__What this task involves__. Would you count the lines in the entries below that contain "nonempty"? Reply with the number only.

__Available records__.
+---+

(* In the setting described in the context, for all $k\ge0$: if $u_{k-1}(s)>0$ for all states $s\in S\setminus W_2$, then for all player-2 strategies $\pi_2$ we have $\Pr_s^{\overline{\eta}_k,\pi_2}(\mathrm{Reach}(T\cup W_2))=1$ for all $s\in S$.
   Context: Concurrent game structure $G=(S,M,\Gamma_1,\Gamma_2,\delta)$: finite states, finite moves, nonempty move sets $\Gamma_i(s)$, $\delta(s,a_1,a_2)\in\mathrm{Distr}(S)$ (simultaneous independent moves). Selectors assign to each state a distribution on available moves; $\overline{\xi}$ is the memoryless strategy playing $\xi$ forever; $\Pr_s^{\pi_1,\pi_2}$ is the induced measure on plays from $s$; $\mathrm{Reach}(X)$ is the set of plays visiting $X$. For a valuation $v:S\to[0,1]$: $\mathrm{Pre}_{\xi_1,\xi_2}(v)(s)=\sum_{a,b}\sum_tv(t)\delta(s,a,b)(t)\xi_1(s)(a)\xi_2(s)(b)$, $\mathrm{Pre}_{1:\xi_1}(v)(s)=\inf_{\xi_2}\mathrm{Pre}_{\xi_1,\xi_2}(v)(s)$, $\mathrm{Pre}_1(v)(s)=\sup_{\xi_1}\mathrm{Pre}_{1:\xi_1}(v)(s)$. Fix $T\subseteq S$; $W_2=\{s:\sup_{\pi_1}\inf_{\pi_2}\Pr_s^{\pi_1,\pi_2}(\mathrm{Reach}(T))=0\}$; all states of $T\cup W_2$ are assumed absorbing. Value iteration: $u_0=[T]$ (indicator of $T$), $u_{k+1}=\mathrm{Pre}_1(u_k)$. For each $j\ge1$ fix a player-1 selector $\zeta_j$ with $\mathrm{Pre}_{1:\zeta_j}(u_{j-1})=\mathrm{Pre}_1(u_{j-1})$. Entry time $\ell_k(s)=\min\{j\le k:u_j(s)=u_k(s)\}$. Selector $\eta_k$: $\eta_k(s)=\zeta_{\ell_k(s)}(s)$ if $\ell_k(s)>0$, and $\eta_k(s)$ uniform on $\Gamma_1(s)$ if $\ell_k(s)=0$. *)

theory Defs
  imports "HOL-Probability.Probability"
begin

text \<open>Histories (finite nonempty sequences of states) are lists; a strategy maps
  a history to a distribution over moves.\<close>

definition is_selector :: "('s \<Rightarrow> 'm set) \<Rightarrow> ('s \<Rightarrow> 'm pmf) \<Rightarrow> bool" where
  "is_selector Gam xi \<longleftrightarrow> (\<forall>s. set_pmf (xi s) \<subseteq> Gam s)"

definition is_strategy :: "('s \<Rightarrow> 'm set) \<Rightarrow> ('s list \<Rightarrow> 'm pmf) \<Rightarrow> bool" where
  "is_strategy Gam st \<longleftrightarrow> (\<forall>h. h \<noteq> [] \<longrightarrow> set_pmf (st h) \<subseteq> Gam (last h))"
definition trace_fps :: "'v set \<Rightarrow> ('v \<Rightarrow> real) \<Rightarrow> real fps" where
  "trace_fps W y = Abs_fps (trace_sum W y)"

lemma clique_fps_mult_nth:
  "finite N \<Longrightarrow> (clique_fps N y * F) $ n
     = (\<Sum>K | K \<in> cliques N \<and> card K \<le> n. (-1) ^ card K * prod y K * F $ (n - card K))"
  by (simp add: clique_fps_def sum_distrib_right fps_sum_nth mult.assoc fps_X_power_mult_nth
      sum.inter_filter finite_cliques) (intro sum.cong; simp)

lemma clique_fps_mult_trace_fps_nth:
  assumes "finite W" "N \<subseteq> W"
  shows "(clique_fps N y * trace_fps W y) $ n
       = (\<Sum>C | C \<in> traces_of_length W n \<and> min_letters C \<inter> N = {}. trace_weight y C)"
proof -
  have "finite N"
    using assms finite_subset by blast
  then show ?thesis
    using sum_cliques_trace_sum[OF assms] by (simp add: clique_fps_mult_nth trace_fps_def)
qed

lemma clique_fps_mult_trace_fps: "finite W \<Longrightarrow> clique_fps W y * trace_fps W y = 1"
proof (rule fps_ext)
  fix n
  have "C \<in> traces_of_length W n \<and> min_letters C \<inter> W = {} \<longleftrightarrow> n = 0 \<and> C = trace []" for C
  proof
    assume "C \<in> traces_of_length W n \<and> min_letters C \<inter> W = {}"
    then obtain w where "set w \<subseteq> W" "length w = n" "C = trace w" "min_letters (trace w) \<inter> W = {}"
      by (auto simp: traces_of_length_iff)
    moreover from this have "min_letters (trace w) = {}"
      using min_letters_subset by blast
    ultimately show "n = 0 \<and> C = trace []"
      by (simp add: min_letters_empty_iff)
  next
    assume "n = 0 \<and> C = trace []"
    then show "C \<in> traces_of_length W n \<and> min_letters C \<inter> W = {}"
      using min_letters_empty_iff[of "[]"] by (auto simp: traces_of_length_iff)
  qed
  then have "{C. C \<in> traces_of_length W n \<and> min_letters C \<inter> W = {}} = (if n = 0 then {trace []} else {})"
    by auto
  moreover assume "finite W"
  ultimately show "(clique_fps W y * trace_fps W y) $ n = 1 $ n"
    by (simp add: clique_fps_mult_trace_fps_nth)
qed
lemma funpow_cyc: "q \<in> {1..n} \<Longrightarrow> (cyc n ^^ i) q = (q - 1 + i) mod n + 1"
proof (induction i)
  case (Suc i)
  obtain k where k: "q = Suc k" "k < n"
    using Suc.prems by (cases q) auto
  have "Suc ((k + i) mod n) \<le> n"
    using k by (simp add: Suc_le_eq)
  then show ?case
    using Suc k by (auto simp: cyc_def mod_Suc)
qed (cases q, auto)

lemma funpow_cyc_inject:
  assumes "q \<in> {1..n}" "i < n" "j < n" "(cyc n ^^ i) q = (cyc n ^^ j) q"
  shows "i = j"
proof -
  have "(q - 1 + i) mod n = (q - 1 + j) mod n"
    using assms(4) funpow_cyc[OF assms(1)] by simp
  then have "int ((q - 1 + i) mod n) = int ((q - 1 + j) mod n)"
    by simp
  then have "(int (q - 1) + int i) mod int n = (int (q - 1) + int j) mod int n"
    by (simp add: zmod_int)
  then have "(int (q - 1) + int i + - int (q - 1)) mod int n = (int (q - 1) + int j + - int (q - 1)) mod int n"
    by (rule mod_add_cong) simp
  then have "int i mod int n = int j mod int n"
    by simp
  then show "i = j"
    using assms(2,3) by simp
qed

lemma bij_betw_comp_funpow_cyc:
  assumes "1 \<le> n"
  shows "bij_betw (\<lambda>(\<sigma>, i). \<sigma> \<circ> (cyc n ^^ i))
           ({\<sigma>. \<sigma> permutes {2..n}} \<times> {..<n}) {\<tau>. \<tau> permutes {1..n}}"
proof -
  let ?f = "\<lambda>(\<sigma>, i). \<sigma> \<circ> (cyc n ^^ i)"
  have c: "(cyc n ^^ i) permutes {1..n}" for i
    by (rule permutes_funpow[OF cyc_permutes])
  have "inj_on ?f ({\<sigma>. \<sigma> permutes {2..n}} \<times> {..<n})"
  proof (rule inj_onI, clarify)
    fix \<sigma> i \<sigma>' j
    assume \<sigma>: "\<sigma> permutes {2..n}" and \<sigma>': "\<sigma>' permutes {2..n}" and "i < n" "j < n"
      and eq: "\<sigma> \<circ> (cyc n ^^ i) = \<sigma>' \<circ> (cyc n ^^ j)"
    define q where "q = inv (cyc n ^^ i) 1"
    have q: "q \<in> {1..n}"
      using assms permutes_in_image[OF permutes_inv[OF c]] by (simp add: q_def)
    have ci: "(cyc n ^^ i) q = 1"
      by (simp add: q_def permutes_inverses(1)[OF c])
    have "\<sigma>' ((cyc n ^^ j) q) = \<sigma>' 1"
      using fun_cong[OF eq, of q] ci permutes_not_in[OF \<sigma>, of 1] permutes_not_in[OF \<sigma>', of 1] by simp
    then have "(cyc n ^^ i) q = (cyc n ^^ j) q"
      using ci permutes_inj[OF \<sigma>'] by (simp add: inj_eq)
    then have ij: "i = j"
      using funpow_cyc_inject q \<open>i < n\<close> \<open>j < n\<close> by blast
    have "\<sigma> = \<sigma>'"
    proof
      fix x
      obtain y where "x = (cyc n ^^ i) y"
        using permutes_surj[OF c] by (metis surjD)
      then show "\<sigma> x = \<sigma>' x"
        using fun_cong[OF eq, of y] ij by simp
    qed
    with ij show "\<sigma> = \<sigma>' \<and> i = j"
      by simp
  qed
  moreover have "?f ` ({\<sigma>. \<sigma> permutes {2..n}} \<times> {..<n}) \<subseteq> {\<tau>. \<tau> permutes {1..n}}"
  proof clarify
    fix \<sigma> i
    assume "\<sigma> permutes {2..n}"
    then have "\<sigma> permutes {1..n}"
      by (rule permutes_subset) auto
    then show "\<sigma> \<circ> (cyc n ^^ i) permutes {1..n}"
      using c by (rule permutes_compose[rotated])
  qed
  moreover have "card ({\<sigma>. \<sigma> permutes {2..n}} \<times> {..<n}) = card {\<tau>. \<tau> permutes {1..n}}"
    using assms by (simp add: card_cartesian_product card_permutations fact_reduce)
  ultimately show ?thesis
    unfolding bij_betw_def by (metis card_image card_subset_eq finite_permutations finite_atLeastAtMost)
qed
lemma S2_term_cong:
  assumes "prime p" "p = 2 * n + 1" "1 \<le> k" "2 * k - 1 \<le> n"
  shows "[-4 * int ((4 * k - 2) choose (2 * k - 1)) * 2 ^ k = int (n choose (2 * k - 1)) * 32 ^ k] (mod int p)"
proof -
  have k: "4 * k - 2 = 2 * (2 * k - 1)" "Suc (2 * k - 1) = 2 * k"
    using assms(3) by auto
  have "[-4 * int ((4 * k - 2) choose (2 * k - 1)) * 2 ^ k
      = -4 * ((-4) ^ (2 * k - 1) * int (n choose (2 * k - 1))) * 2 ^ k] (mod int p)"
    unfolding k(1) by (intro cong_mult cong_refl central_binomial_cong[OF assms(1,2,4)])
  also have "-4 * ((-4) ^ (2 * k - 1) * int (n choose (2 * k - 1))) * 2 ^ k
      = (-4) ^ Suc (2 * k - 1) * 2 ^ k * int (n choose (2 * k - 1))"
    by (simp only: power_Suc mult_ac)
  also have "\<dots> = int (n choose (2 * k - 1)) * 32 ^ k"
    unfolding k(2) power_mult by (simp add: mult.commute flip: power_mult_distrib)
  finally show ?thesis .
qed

+---+

__Written reply__. 2